#### Required work:
Determine how many lines below contain the string "define" and give that number without anything else.

#### Supplied data:
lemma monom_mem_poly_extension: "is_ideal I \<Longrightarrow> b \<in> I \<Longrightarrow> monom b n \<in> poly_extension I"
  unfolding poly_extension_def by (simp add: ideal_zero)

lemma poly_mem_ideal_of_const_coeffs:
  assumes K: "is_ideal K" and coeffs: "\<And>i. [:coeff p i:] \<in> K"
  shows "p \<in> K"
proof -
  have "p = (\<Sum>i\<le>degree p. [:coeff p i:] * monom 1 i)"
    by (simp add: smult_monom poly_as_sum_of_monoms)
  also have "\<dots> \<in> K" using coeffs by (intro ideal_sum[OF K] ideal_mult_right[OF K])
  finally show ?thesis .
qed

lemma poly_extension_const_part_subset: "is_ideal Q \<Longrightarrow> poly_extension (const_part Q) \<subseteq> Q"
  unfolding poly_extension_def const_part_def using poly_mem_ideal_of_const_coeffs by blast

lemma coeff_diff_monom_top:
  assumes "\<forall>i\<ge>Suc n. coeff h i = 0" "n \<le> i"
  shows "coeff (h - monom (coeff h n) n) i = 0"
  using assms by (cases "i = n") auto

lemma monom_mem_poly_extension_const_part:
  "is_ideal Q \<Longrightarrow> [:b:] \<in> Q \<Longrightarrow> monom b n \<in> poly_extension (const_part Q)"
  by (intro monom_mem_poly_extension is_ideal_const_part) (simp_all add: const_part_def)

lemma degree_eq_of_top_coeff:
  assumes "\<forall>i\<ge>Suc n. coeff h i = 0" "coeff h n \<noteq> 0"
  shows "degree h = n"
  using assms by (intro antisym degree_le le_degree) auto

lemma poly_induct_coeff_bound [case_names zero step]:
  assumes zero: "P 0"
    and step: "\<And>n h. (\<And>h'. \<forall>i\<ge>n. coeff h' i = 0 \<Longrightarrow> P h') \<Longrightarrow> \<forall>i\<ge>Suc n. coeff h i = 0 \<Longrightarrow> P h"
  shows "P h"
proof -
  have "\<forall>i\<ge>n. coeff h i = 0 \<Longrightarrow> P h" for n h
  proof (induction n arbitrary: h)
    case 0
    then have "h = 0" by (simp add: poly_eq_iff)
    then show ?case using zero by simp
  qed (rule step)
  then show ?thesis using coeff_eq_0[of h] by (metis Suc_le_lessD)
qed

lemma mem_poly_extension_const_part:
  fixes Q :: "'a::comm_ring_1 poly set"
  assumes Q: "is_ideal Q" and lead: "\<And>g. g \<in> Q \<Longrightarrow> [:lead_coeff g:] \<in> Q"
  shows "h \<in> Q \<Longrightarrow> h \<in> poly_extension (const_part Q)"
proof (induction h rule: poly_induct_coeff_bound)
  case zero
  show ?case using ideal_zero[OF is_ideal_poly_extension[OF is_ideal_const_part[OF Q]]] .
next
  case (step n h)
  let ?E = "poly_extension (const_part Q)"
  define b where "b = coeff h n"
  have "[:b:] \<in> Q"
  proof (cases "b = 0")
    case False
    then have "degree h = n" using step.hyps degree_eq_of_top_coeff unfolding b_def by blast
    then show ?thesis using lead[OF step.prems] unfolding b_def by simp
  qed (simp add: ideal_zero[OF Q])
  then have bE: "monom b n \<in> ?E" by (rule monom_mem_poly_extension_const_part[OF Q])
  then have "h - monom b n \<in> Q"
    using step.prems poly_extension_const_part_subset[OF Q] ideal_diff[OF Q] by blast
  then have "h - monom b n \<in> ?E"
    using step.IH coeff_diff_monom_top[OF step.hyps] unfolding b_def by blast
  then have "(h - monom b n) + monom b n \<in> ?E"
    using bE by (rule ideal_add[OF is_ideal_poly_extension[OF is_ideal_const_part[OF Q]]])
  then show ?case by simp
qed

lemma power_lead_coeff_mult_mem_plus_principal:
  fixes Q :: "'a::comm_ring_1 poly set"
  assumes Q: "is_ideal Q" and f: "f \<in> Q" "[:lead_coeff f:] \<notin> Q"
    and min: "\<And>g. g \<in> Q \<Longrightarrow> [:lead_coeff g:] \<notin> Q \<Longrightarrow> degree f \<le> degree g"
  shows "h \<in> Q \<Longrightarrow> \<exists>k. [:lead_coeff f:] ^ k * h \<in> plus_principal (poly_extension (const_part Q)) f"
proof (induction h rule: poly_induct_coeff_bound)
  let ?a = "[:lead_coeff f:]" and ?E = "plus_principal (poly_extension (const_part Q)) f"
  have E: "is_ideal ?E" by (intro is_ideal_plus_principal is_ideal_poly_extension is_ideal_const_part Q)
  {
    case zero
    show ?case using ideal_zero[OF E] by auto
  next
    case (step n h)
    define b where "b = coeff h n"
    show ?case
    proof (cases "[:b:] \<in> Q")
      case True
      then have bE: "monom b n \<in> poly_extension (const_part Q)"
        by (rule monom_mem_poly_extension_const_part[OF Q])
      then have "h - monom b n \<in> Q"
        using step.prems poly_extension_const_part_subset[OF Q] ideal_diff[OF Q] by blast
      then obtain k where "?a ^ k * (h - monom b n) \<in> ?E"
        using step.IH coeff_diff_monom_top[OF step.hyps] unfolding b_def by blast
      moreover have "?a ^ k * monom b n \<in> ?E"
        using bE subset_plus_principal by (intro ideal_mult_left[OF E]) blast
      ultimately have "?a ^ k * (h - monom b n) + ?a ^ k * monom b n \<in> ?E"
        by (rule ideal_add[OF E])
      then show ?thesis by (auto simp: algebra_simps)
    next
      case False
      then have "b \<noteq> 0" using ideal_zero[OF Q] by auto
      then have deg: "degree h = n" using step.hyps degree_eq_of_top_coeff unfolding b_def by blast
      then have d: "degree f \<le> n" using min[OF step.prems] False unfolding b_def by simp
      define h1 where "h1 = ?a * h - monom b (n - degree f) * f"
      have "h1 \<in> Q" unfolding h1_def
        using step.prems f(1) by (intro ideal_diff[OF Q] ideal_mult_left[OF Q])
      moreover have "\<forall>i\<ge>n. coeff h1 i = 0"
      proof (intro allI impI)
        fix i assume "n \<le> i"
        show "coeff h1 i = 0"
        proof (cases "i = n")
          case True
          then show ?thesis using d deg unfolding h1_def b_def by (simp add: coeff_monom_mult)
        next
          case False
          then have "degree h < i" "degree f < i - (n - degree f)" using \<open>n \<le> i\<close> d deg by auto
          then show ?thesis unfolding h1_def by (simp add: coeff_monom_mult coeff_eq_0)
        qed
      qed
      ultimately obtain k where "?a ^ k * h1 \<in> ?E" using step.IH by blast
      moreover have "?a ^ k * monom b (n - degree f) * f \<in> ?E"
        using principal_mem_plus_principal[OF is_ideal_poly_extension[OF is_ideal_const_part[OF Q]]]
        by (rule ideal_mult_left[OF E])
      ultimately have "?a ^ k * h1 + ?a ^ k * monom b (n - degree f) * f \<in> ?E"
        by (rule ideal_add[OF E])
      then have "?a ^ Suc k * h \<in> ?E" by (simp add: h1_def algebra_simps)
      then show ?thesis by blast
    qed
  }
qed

#### Response area:
3